If you mention the word secession most people think of the South during the Civil War. But today, a new movement is gaining steam because of frustration over a growing, out-of-control federal government.
A number of conservative, rural Americans are taking about seceding and creating their own states, meaning a new map of the United States of America could include the following:
  • A 51st state called Jefferson, made up of Northern California and Southern Oregon
  • A new state called Western Maryland
  • A new state called North Colorado
These are real movements gaining traction with voters across the country.
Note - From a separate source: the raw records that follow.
lemma avg_add:
  assumes "n \<ge> 1" "L \<ge> 1"
  shows "avg (L + n) f = avg n (step L f)"
proof -
  have "(\<Sum>w\<in>sphere (L + n). f (state w)) = (\<Sum>v\<in>sphere n. \<Sum>u\<in>prefixes L (hd v). f (state (u @ v)))"
    using sum_sphere_add[OF assms(1)] .
  also have "\<dots> = (\<Sum>v\<in>sphere n. 3 ^ L * step L f (state v))"
  proof (intro sum.cong refl)
    fix v assume "v \<in> sphere n"
    then have "reduced v" "v \<noteq> []"
      using assms(1) by (auto simp: sphere_def F2_def)
    then show "(\<Sum>u\<in>prefixes L (hd v). f (state (u @ v))) = 3 ^ L * step L f (state v)"
      using assms(2) by (simp add: step_def state_append cong: sum.cong) (simp add: state_def)
  qed
  finally show ?thesis
    by (simp add: avg_def card_sphere_add[OF assms(1)] sum_distrib_left[symmetric])
qed

lemma avg_funpow:
  assumes "n \<ge> 1" "L \<ge> 1"
  shows "avg (j * L + n) f = avg n ((step L ^^ j) f)"
proof (induction j arbitrary: f)
  case (Suc j)
  have "Suc j * L + n = L + (j * L + n)"
    by simp
  then have "avg (Suc j * L + n) f = avg (j * L + n) (step L f)"
    using avg_add[of "j * L + n" L f] assms by (simp add: add.assoc)
  then show ?case
    by (simp add: Suc.IH funpow_Suc_right del: funpow.simps)
qed simp

definition oscillation_le :: "bool \<Rightarrow> (letter list set \<times> letter \<Rightarrow> real) \<Rightarrow> real \<Rightarrow> bool" where
  "oscillation_le p f r \<longleftrightarrow> (\<forall>s\<in>states p. \<forall>s'\<in>states p. \<bar>f s - f s'\<bar> \<le> r)"

lemma state_mem_states: "n \<ge> 1 \<Longrightarrow> w \<in> sphere n \<Longrightarrow> state w \<in> states (even n)"
  by (auto simp: states_def sphere_def F2_def)

lemma abs_avg_diff_le:
  assumes "n \<ge> 1" "n' \<ge> 1" "even n = even n'" and "oscillation_le (even n) f r"
  shows "\<bar>avg n f - avg n' f\<bar> \<le> r"
proof -
  have "\<forall>a\<in>sphere n. \<forall>b\<in>sphere n'. \<bar>f (state a) - f (state b)\<bar> \<le> r"
  proof (intro ballI)
    fix a b assume "a \<in> sphere n" "b \<in> sphere n'"
    then have "state a \<in> states (even n)" "state b \<in> states (even n)"
      using state_mem_states[OF assms(1)] state_mem_states[OF assms(2)] assms(3) by simp_all
    then show "\<bar>f (state a) - f (state b)\<bar> \<le> r"
      using assms(4) by (simp add: oscillation_le_def)
  qed
  then show ?thesis
    unfolding avg_def using finite_sphere card_sphere_pos
    by (intro abs_mean_diff_le) (auto simp: card_gt_0_iff)
qed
Jeffrey Hare runs the 51st State Initiative in Colorado, an effort to fight an out-of-control legislature trying to ram big government policies down the throats of voters.
"We're at this point of irreconcilable differences," Hare told CBN News.
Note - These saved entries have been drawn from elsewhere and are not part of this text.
text \<open>The last two conclusions say that after deleting the edge vy and the colour class a,
  every neighbour of v has degree at most k - 1, and all but x have degree less than k - 1.
  If no suitable colour exists at once, a Kempe change at y0 creates one.\<close>

lemma exists_reducing_colour:
  assumes fin: "finite E" and two: "\<forall>e\<in>E. card e = 2"
    and f: "proper_edge_colouring {e\<in>E. v \<notin> e} k f"
    and dv: "degree E v \<le> k" and y0: "{v, y0} \<in> E"
    and le: "\<forall>z. {v, z} \<in> E \<longrightarrow> degree E z \<le> k"
    and lt: "\<forall>z. {v, z} \<in> E \<longrightarrow> z \<noteq> y0 \<longrightarrow> degree E z < k"
  obtains f' y a x where "proper_edge_colouring {e\<in>E. v \<notin> e} k f'" "{v, y} \<in> E" "a < k"
    "misses {e\<in>E. v \<notin> e} f' y a"
    "\<forall>z. {v, z} \<in> E \<longrightarrow> z \<noteq> y \<longrightarrow> misses {e\<in>E. v \<notin> e} f' z a \<longrightarrow> degree E z < k"
    "\<forall>z. {v, z} \<in> E \<longrightarrow> z \<noteq> y \<longrightarrow> z \<noteq> x
       \<longrightarrow> degree E z < k \<and> (misses {e\<in>E. v \<notin> e} f' z a \<longrightarrow> Suc (degree E z) < k)"
proof -
  define F where "F = {e\<in>E. v \<notin> e}"
  obtain \<beta> x where "\<beta> < k" and x: "\<forall>z. {v, z} \<in> E \<longrightarrow> z \<noteq> y0 \<longrightarrow> k \<le> Suc (degree E z)
    \<longrightarrow> misses F f z \<beta> \<longrightarrow> z = x"
    using exists_colour_rarely_missed[OF fin two f dv y0 lt] unfolding F_def by blast
  have small: "degree E z < k \<and> (misses F f'' z \<beta> \<longrightarrow> Suc (degree E z) < k)"
    if "{v, z} \<in> E" "z \<noteq> y0" "misses F f'' z \<beta> \<Longrightarrow> \<not> k \<le> Suc (degree E z)" for z f''
    using lt that by auto
  consider "misses F f y0 \<beta>"
    | z1 where "\<not> misses F f y0 \<beta>" "{v, z1} \<in> E" "z1 \<noteq> y0" "k \<le> Suc (degree E z1)" "misses F f z1 \<beta>"
    | "\<not> misses F f y0 \<beta>"
      "\<forall>z. {v, z} \<in> E \<longrightarrow> z \<noteq> y0 \<longrightarrow> k \<le> Suc (degree E z) \<longrightarrow> \<not> misses F f z \<beta>"
    by blast
  then show ?thesis
  proof cases
    case 1
    show ?thesis
    proof (rule that[of f y0 \<beta> x, folded F_def])
      show "\<forall>z. {v, z} \<in> E \<longrightarrow> z \<noteq> y0 \<longrightarrow> z \<noteq> x
          \<longrightarrow> degree E z < k \<and> (misses F f z \<beta> \<longrightarrow> Suc (degree E z) < k)"
        using small x by blast
    qed (use f y0 \<open>\<beta> < k\<close> 1 lt in \<open>simp_all add: F_def\<close>)
  next
    case 2
    then have "z1 = x" using x by blast
    show ?thesis
    proof (rule that[of f z1 \<beta> y0, folded F_def])
      show "\<forall>z. {v, z} \<in> E \<longrightarrow> z \<noteq> z1 \<longrightarrow> misses F f z \<beta> \<longrightarrow> degree E z < k"
        using lt 2 by blast
      show "\<forall>z. {v, z} \<in> E \<longrightarrow> z \<noteq> z1 \<longrightarrow> z \<noteq> y0
          \<longrightarrow> degree E z < k \<and> (misses F f z \<beta> \<longrightarrow> Suc (degree E z) < k)"
        using small x \<open>z1 = x\<close> by blast
    qed (use f \<open>\<beta> < k\<close> 2 in \<open>simp_all add: F_def\<close>)
  next
    case 3
    have "card {a. a < k \<and> misses F f y0 a} \<noteq> 0"
      using card_missing_colours_neighbour[OF fin two f y0] le y0 unfolding F_def by auto
    then obtain \<alpha> where "\<alpha> < k" "misses F f y0 \<alpha>" by (metis (no_types, lifting) Collect_empty_eq card.empty)
    moreover have "\<alpha> \<noteq> \<beta>" using 3 calculation by blast
    moreover have "finite F" "\<forall>e\<in>F. card e = 2" using fin two unfolding F_def by simp_all
    ultimately obtain f' u where f': "proper_edge_colouring F k f'" "misses F f' y0 \<beta>"
      and changed: "\<And>z. z \<noteq> y0 \<Longrightarrow> z \<noteq> u \<Longrightarrow> misses F f' z \<beta> \<Longrightarrow> misses F f z \<beta>"
      using kempe_chain[of F k f \<alpha> \<beta> y0] f \<open>\<beta> < k\<close> 3 unfolding F_def by blast
    show ?thesis
    proof (rule that[of f' y0 \<beta> u, folded F_def])
      show "\<forall>z. {v, z} \<in> E \<longrightarrow> z \<noteq> y0 \<longrightarrow> z \<noteq> u
          \<longrightarrow> degree E z < k \<and> (misses F f' z \<beta> \<longrightarrow> Suc (degree E z) < k)"
        using small changed 3 by blast
    qed (use f' y0 \<open>\<beta> < k\<close> lt in \<open>simp_all add: F_def\<close>)
  qed
qed

lemma delete_edge_and_colour_class:
  assumes fin: "finite E" and two: "\<forall>e\<in>E. card e = 2"
    and f: "proper_edge_colouring {e\<in>E. v \<notin> e} k f"
    and y: "{v, y} \<in> E" and ya: "misses {e\<in>E. v \<notin> e} f y a"
    and M: "M = insert {v, y} {e\<in>E. v \<notin> e \<and> f e = a}"
  shows "matching M" "{e\<in>E - M. v \<notin> e} = {e\<in>{e\<in>E. v \<notin> e}. f e \<noteq> a}"
    "degree (E - M) v = degree E v - 1"
    "\<And>z. {v, z} \<in> E - M \<Longrightarrow> {v, z} \<in> E \<and> z \<noteq> y
       \<and> degree (E - M) z = degree E z - (if misses {e\<in>E. v \<notin> e} f z a then 0 else 1)"
proof -
  have "M \<subseteq> E" using y unfolding M by auto
  show "matching M"
    using matching_colour_class[OF f, of a] ya unfolding M matching_def misses_def by auto
  then have deg: "degree (E - M) z = degree E z - (if \<exists>e\<in>M. z \<in> e then 1 else 0)" for z
    using degree_Diff_matching[OF fin \<open>M \<subseteq> E\<close>] by blast
  show "{e\<in>E - M. v \<notin> e} = {e\<in>{e\<in>E. v \<notin> e}. f e \<noteq> a}" unfolding M by auto
  show "degree (E - M) v = degree E v - 1" using deg[of v] unfolding M by auto
  fix z assume "{v, z} \<in> E - M"
  then have z: "{v, z} \<in> E" "z \<noteq> y" "z \<noteq> v" using edge_endpoints_distinct[OF two] unfolding M by auto
  then have "(\<exists>e\<in>M. z \<in> e) \<longleftrightarrow> \<not> misses {e\<in>E. v \<notin> e} f z a" unfolding M misses_def by auto
  then show "{v, z} \<in> E \<and> z \<noteq> y
      \<and> degree (E - M) z = degree E z - (if misses {e\<in>E. v \<notin> e} f z a then 0 else 1)"
    using z deg[of z] by simp
qed

text \<open>Ehrenfeucht, Faber and Kierstead: induction on the degree of v, deleting an edge vy and a
  whole colour class and reusing that colour for them.\<close>

lemma proper_edge_colouring_extend_vertex:
  assumes "finite E" "\<forall>e\<in>E. card e = 2" "proper_edge_colouring {e\<in>E. v \<notin> e} k f"
    "degree E v \<le> k" "\<forall>z. {v, z} \<in> E \<longrightarrow> degree E z \<le> k"
    "\<forall>z. {v, z} \<in> E \<longrightarrow> z \<noteq> x \<longrightarrow> degree E z < k"
  shows "\<exists>c. proper_edge_colouring E k c"
  using assms
proof (induction "degree E v" arbitrary: E k f x rule: less_induct)
  case less
  note fin = less.prems(1) and two = less.prems(2) and f = less.prems(3)
  show ?case
  proof (cases "degree E v = 0")
    case True
    then have "{e\<in>E. v \<notin> e} = E" using fin unfolding degree_def by auto
    then show ?thesis using f by auto
  next
    case False
    then obtain w where "{v, w} \<in> E"
      using fin two unfolding degree_def by (auto elim!: card_2_obtain[of _ v])
    then obtain y0 where y0: "{v, y0} \<in> E" "\<forall>z. {v, z} \<in> E \<longrightarrow> z \<noteq> y0 \<longrightarrow> degree E z < k"
      using less.prems(6) by blast
    obtain f' y a x' where f': "proper_edge_colouring {e\<in>E. v \<notin> e} k f'" and y: "{v, y} \<in> E"
      and "a < k" and ya: "misses {e\<in>E. v \<notin> e} f' y a"
      and missing_lt: "\<forall>z. {v, z} \<in> E \<longrightarrow> z \<noteq> y \<longrightarrow> misses {e\<in>E. v \<notin> e} f' z a \<longrightarrow> degree E z < k"
      and others_lt: "\<forall>z. {v, z} \<in> E \<longrightarrow> z \<noteq> y \<longrightarrow> z \<noteq> x'
         \<longrightarrow> degree E z < k \<and> (misses {e\<in>E. v \<notin> e} f' z a \<longrightarrow> Suc (degree E z) < k)"
      by (rule exists_reducing_colour[OF fin two f less.prems(4) y0(1) less.prems(5) y0(2)])
    then obtain k' where k': "k = Suc k'" using less_imp_Suc_add by blast
    define M where "M = insert {v, y} {e\<in>E. v \<notin> e \<and> f' e = a}"
    note M = delete_edge_and_colour_class[OF fin two f' y ya M_def]
    have "proper_edge_colouring {e\<in>E - M. v \<notin> e} k' (\<lambda>e. if f' e = k' then a else f' e)"
      using proper_edge_colouring_remove_colour[OF f'[unfolded k']] \<open>a < k\<close> k' M(2) by simp
    moreover have "degree (E - M) v < degree E v" "degree (E - M) v \<le> k'"
      using M(3) False less.prems(4) k' by auto
    moreover have "degree (E - M) z \<le> k'" if "{v, z} \<in> E - M" for z
      using M(4)[OF that] missing_lt less.prems(5) k' by auto
    moreover have "degree (E - M) z < k'" if "{v, z} \<in> E - M" "z \<noteq> x'" for z
    proof -
      have "{v, z} \<in> E" using M(4)[OF that(1)] by blast
      then show ?thesis
        using M(4)[OF that(1)] that(2) others_lt degree_delete_vertex(2)[OF fin two \<open>{v, z} \<in> E\<close>] k'
        by auto
    qed
    ultimately obtain c' where "proper_edge_colouring (E - M) k' c'"
      using less.hyps[of "E - M" k' _ x'] fin two by blast
    then show ?thesis using proper_edge_colouring_add_matching M(1) k' by blast
  qed
qed

theorem vizing:
  assumes "finite E" "\<forall>e\<in>E. card e = 2" "\<forall>v. degree E v \<le> k"
  shows "\<exists>c. proper_edge_colouring E (Suc k) c"
  using assms
proof (induction "card E" arbitrary: E rule: less_induct)
  case less
  show ?case
  proof (cases "E = {}")
    case True
    then show ?thesis by (auto simp: proper_edge_colouring_def)
  next
    case False
    then obtain e v where "e \<in> E" "v \<in> e" using less.prems(2) by fastforce
    define F where "F = {e\<in>E. v \<notin> e}"
    have "F \<subset> E" using \<open>e \<in> E\<close> \<open>v \<in> e\<close> unfolding F_def by blast
    then have "card F < card E" using less.prems(1) by (rule psubset_card_mono[rotated])
    moreover have "degree F z \<le> degree E z" for z
      using less.prems(1) \<open>F \<subset> E\<close> unfolding degree_def by (intro card_mono) auto
    ultimately obtain f where "proper_edge_colouring F (Suc k) f"
      using less.hyps[of F] less.prems order_trans unfolding F_def by fastforce
    then show ?thesis
      using proper_edge_colouring_extend_vertex[of E v "Suc k" f v] less.prems unfolding F_def
      by (simp add: le_Suc_eq less_Suc_eq_le)
  qed
qed

lemma chromatic_index_bounds:
  assumes "simple_graph V E" "V \<noteq> {}"
  shows "\<exists>c. proper_edge_colouring E (chromatic_index E) c"
    "chromatic_index E \<le> Suc (max_degree V E)" "max_degree V E \<le> chromatic_index E"
proof -
  have vizing: "\<exists>c. proper_edge_colouring E (Suc (max_degree V E)) c"
    using vizing[OF simple_graph_finite_edges[OF assms(1)]] degree_le_max_degree[OF assms(1)]
      assms(1) unfolding simple_graph_def by blast
  then have "\<exists>k c. proper_edge_colouring E k c" by blast
  then show "\<exists>c. proper_edge_colouring E (chromatic_index E) c"
    unfolding chromatic_index_def by (rule LeastI_ex)
  then show "max_degree V E \<le> chromatic_index E" using max_degree_le_colours[OF assms] by blast
  show "chromatic_index E \<le> Suc (max_degree V E)"
    unfolding chromatic_index_def by (rule Least_le) (rule vizing)
qed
Secessionist talk has filled town hall meetings and the divide discussed is not just ideological.
"It's predominately left versus right, but it's urban versus rural because you typically find more typical conservative values in rural America," Hare said.
An Attack on Colorado?
That's the crux of the issue. Rural Americans across many states feel they're not being heard. Their laundry list is long and at the top of that list are stricter gun control laws.
According to Weld County, Colo., Sheriff John Cooke, the state legislature is out of control.
"They are out of touch with rural Colorado," he said. "There is an attack on rural Colorado and it's not just on gun control laws. It's on several of the other bills that they passed."
Government mandates on renewable energy, environmental policies restricting oil and gas drilling, and controversial social issues like gay marriage have also led to this divide and talk of secession.
Organizers want to create "North Colorado," an idea that went to voters in 11 counties this past fall. But not everyone in Colorado thinks secession is a great idea.
"I don't think that's necessarily the way to make something happen within the area you live," Colorado resident Greg Howe told CBN News. "You're supposed to work within our electoral services."
The so-called secession movement in Colorado had mixed results this past November. Some counties approved it. Others didn't.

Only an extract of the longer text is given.